Guidance on abundance.tsv file and output

[NienkeMekkes]

Dear authors,

I remember asking this question before, but when looking back, I still am having some last doubts I was hoping you could help me with.

This is a summary of organism, abundance.tsv, and genome size
Salmonella bongori | 0.10 | 4487548
Salmonella enterica | 0.4 | 5028552
escherichia coli | 0.5 | 4643559

When I use CAMISIM to simulate my sample, I use the readmappings.tsv output file with grep -c to check my abundance.
In this output file, I have exactly 10% of reads belonging o S bongori, 40% to S enterica, and 50 to e.coli

Is this expected behaviour? I read that the simulation is supposed to take genome length into consideration, so I expected that the amount of reads belonging to S.enterica would be inflated, since the genome is bigger. Why is this not the case?

[AlphaSquad]

Hm, that is strange, are you sure that these values fit exactly?
The difference between S. bongori and S. enterica in genome size is only ~10%, so instead of 10% and 40% I would expect CAMISIM to simulated something like 9% and 41% of reads for both:
If the coverage is ratio 4:1 between the two genomes and the genome size ratio is 1.1:1, then we expect a read ratio of 4.4:1 in reads between the two - which translates to ~40.75%:9.25% (here neglecting the third genome which is not exactly halfway between the two Salmonella)

[NienkeMekkes]

Hi and thank you for your quick reply. Your calculations are also what I expected to happen.

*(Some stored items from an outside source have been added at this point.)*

(* Let $q$ be odd with $q\equiv1\pmod 4$, and let $\delta\in\mathbb{F}_{q^8}^*$ with $\delta\neq\pm1$ and $\delta^2=-1$. Then $S(x)=x^q+\delta x^{q^5}$ is not a scattered polynomial of index $t$ over $\mathbb{F}_{q^8}$ for either $t=1$ or $t=5$.
   Context: An $\mathbb{F}_q$-linearized polynomial $S\in\mathbb{F}_{q^n}[x]$ is a scattered polynomial of index $t$ over $\mathbb{F}_{q^n}$ if for all $y,z\in\mathbb{F}_{q^n}^*$, $\frac{S(y)}{y^{q^t}}=\frac{S(z)}{z^{q^t}}$ implies $y/z\in\mathbb{F}_q$. *)

theory Defs
  imports "HOL-Computational_Algebra.Primes"
begin

text \<open>The field F_{q^n} is modelled by a finite field type 'a of cardinality q^n; its
subfield F_q is the set of elements with y^q = y.\<close>

definition scattered_index :: "nat \<Rightarrow> nat \<Rightarrow> ('a::field \<Rightarrow> 'a) \<Rightarrow> bool" where
  "scattered_index q t S \<longleftrightarrow>
     (\<forall>y z. y \<noteq> 0 \<longrightarrow> z \<noteq> 0 \<longrightarrow> S y / y ^ (q ^ t) = S z / z ^ (q ^ t) \<longrightarrow> (y / z) ^ q = y / z)"

end

theory Submission
  imports Defs "HOL-Computational_Algebra.Polynomial" "HOL-Library.Cardinality"
begin

text \<open>On the subfield \<open>F_{q^4}\<close> of \<open>F_{q^8}\<close> we have \<open>x^{q^5} = x^q\<close>, so there
  \<open>S(x) = (1 + \<delta>) x^q\<close> and hence \<open>S(x)/x^{q^t} = 1 + \<delta>\<close> for both \<open>t = 1\<close> and \<open>t = 5\<close>.
  Any element of \<open>F_{q^4}\<close> outside \<open>F_q\<close> therefore has the same ratio as \<open>1\<close>,
  violating scatteredness. Such an element is \<open>a^{q^4+1}\<close> for any \<open>a\<close> of multiplicative
  order not dividing \<open>(q^4+1)(q-1)\<close>; it exists because \<open>x^N = 1\<close> has at most \<open>N\<close>
  roots.\<close>

lemma finite_field_power_card_minus_one:
  fixes a :: "'a::{field,finite}"
  assumes "a \<noteq> 0"
  shows "a ^ (CARD('a) - 1) = 1"
proof -
  let ?U = "UNIV - {0::'a}"
  have bij: "bij_betw (\<lambda>x. a * x) ?U ?U"
    by (rule bij_betw_byWitness[where f'="\<lambda>x. x / a"]) (use assms in auto)
  have "prod id ?U = prod (id \<circ> (\<lambda>x. a * x)) ?U"
    using prod.reindex_bij_betw[OF bij, of id] by simp
  also have "\<dots> = a ^ card ?U * prod id ?U"
    by (simp add: prod.distrib)
  finally have "1 * prod id ?U = a ^ card ?U * prod id ?U" by simp
  moreover have "prod id ?U \<noteq> 0" by (simp add: prod_zero_iff)
  moreover have "card ?U = CARD('a) - 1" by (simp add: card_Diff_singleton)
  ultimately show ?thesis by (metis mult_right_cancel)
qed

lemma finite_field_power_card:
  fixes a :: "'a::{field,finite}"
  shows "a ^ CARD('a) = a"
proof (cases "a = 0")
  case False
  have "CARD('a) = Suc (CARD('a) - 1)"
    using finite_UNIV_card_ge_0 by (simp add: Suc_diff_1)
  then show ?thesis
    using finite_field_power_card_minus_one[OF False] by (metis power_Suc mult.right_neutral)
qed simp

lemma card_roots_of_unity_le:
  assumes "n > 0"
  shows "card {x::'a::field. x ^ n = 1} \<le> n"
proof -
  let ?p = "monom (1::'a) n - 1"
  have "coeff ?p n = 1" using assms by (simp add: coeff_diff)
  then have "?p \<noteq> 0" by (metis coeff_0 zero_neq_one)
  moreover have "degree ?p \<le> n"
    by (intro degree_diff_le degree_monom_le) auto
  moreover have "{x::'a. x ^ n = 1} = {x. poly ?p x = 0}"
    by (simp add: poly_monom)
  ultimately show ?thesis using card_poly_roots_bound by (metis order_trans)
qed

lemma finite_field_exists_non_root_of_unity:
  assumes "0 < n" and "n < CARD('a::{field,finite}) - 1"
  shows "\<exists>a::'a. a \<noteq> 0 \<and> a ^ n \<noteq> 1"
proof (rule ccontr)
  assume "\<not> ?thesis"
  then have "UNIV - {0::'a} \<subseteq> {x. x ^ n = 1}" by auto
  then have "card (UNIV - {0::'a}) \<le> card {x::'a. x ^ n = 1}"
    by (intro card_mono) auto
  with card_roots_of_unity_le[OF \<open>0 < n\<close>, where 'a='a] assms(2) show False
    by (simp add: card_Diff_singleton)
qed

lemma finite_field_exists_in_subfield_not_in_base:
  assumes card: "CARD('a::{field,finite}) = q ^ (2 * m)" and "2 \<le> m"
  shows "\<exists>w::'a. w \<noteq> 0 \<and> w ^ (q ^ m) = w \<and> w ^ q \<noteq> w"
proof -
  have "card {0::'a, 1} \<le> CARD('a)" by (rule card_mono) auto
  then have "2 \<le> q ^ (2 * m)" by (simp add: card)
  moreover have "0 ^ (2 * m) = (0::nat)" using \<open>2 \<le> m\<close> by simp
  ultimately have "q \<noteq> 0" and "q \<noteq> 1" by (metis not_numeral_le_zero, auto)
  then have q2: "2 \<le> q" by linarith
  have square_minus_one: "(x + 1) * (x - 1) = x * x - 1" for x :: nat
    by (cases x) simp_all
  define n where "n = (q ^ m + 1) * (q - 1)"
  have "q < q ^ m"
    using power_strict_increasing[of 1 m q] q2 \<open>2 \<le> m\<close> by simp
  then have "q - 1 < q ^ m - 1"
    using q2 by linarith
  then have "n < (q ^ m + 1) * (q ^ m - 1)"
    unfolding n_def by (intro mult_strict_left_mono) auto
  also have "\<dots> = q ^ m * q ^ m - 1"
    by (rule square_minus_one)
  also have "\<dots> = CARD('a) - 1"
    by (simp add: card mult_2 power_add)
  finally obtain a :: 'a where "a \<noteq> 0" and "a ^ n \<noteq> 1"
    using finite_field_exists_non_root_of_unity[of n] q2 unfolding n_def by auto
  define w where "w = a ^ (q ^ m + 1)"
  have "w \<noteq> 0" using \<open>a \<noteq> 0\<close> by (simp add: w_def)
  moreover have "w ^ q \<noteq> w"
  proof
    assume "w ^ q = w"
    moreover have "w ^ (q - 1) * w = w ^ q"
      using q2 by (intro power_minus_mult) simp
    ultimately have "w ^ (q - 1) * w = 1 * w" by simp
    then have "w ^ (q - 1) = 1" using \<open>w \<noteq> 0\<close> by simp
    with \<open>a ^ n \<noteq> 1\<close> show False unfolding w_def n_def by (metis power_mult)
  qed
  moreover have "w ^ (q ^ m) = w"
  proof -
    have "w ^ (q ^ m) = a ^ (q ^ m * q ^ m) * a ^ (q ^ m)"
      unfolding w_def by (simp add: power_mult[symmetric] algebra_simps power_add)
    also have "q ^ m * q ^ m = CARD('a)"
      by (simp add: card mult_2 power_add)
    finally have "w ^ (q ^ m) = a ^ CARD('a) * a ^ (q ^ m)" .
    then show ?thesis
      by (simp add: finite_field_power_card w_def power_add)
  qed
  ultimately show ?thesis by blast
qed

lemma not_scattered_indexI:
  fixes w :: "'a::field"
  assumes "w \<noteq> 0" and "w ^ q \<noteq> w" and "S w / w ^ (q ^ t) = S 1"
  shows "\<not> scattered_index q t S"
  using assms unfolding scattered_index_def by (metis div_by_1 one_neq_zero power_one)

theorem mainTheorem11:
  fixes q p k :: nat and \<delta> :: "'a::{field,finite}"
  assumes "prime p" and "k > 0" and "q = p ^ k"
    and "odd q" and "q mod 4 = 1"
    and "card (UNIV :: 'a set) = q ^ 8"
    and "\<delta> \<noteq> 0" and "\<delta> \<noteq> 1" and "\<delta> \<noteq> -1" and "\<delta>\<^sup>2 = -1"
  shows "\<not> scattered_index q 1 (\<lambda>x. x ^ q + \<delta> * x ^ (q ^ 5)) \<and>
         \<not> scattered_index q 5 (\<lambda>x. x ^ q + \<delta> * x ^ (q ^ 5))"
proof -
  obtain w :: 'a where "w \<noteq> 0" and w4: "w ^ (q ^ 4) = w" and "w ^ q \<noteq> w"
    using finite_field_exists_in_subfield_not_in_base[of q 4] assms(6) by auto
  have "w ^ (q ^ 5) = (w ^ (q ^ 4)) ^ q"
    by (simp flip: power_mult power_Suc2)
  with w4 have w5: "w ^ (q ^ 5) = w ^ q" by simp
  have "w ^ q \<noteq> 0" using \<open>w \<noteq> 0\<close> by simp
  then have "(w ^ q + \<delta> * w ^ (q ^ 5)) / w ^ (q ^ 1) = 1 + \<delta>"
    and "(w ^ q + \<delta> * w ^ (q ^ 5)) / w ^ (q ^ 5) = 1 + \<delta>"
    using w5 by (simp_all add: field_simps)
  then show ?thesis
    using not_scattered_indexI[OF \<open>w \<noteq> 0\<close> \<open>w ^ q \<noteq> w\<close>, of "\<lambda>x. x ^ q + \<delta> * x ^ (q ^ 5)"]
    by simp
qed

end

When I use grep -c on my readmappings.tsv file, I find this file has a total of 1333338 lines, with the counts of lines and percentage:
bongori | 133334 | 0.10000015
enterica | 666666 | 0.4000021
e.coli | 533338 | 0.49999775

So while not exact, my readmappings file does fit closer to the abundance I put in the abundance.tsv file, then what I would expact from making these caclulations myself. Is there a better way to check the fraction of reads simulated besides grep -c on the readmappings.tsv?

[AlphaSquad]

I think grep -c on the readmappings file should be fine. I tried the same on a few of my datasets and the results were as I expected it (i.e. the larger genomes having far more reads than the smaller ones, even with lower abundance).
Which read simulator did you use?

[NienkeMekkes]

wgsim, so error free simulation. Could this cause the behaviour?

[AlphaSquad]

I will have to look into it, but I have the strong suspicion that this is a bug in CAMISIM when using wgsim. Could you run the same data set using ART and look if the distribution of reads is as you (and I 😉 ) would expect?

[NienkeMekkes]

sure!

[NienkeMekkes]

Hi again,

I ran the simulation again with:

readsim=tools/art_illumina-2.3.6/art_illumina
error_profiles=tools/art_illumina-2.3.6/profiles
samtools=tools/samtools-1.3/samtools
profile=mbarc
size=0.1
type=art
fragments_size_mean=270
fragment_size_standard_deviation=27

This resulted in:

	grep -c %	grep -c count	expected
S bongori	0.094	62884	~0.09
E coli	0.490	326554	~0.49
S enterica	0.416	277222	~0.42
		666660

The expected row is what I (and you :) )expected my distribution to look like. It is a very good match when using art!
For error free simulation, I think I can still use my simulated reads (my only goal is to use them together with kraken/bracken, and check if I can find the abundance simulated with bracken), since the simulated numbers are what I expected.

[AlphaSquad]

Okay, that is good to hear. It is still a bug/inconsistency for wgsim (and likely for Nanosim as well) which I will fix.
If you can use your data regardless that is great.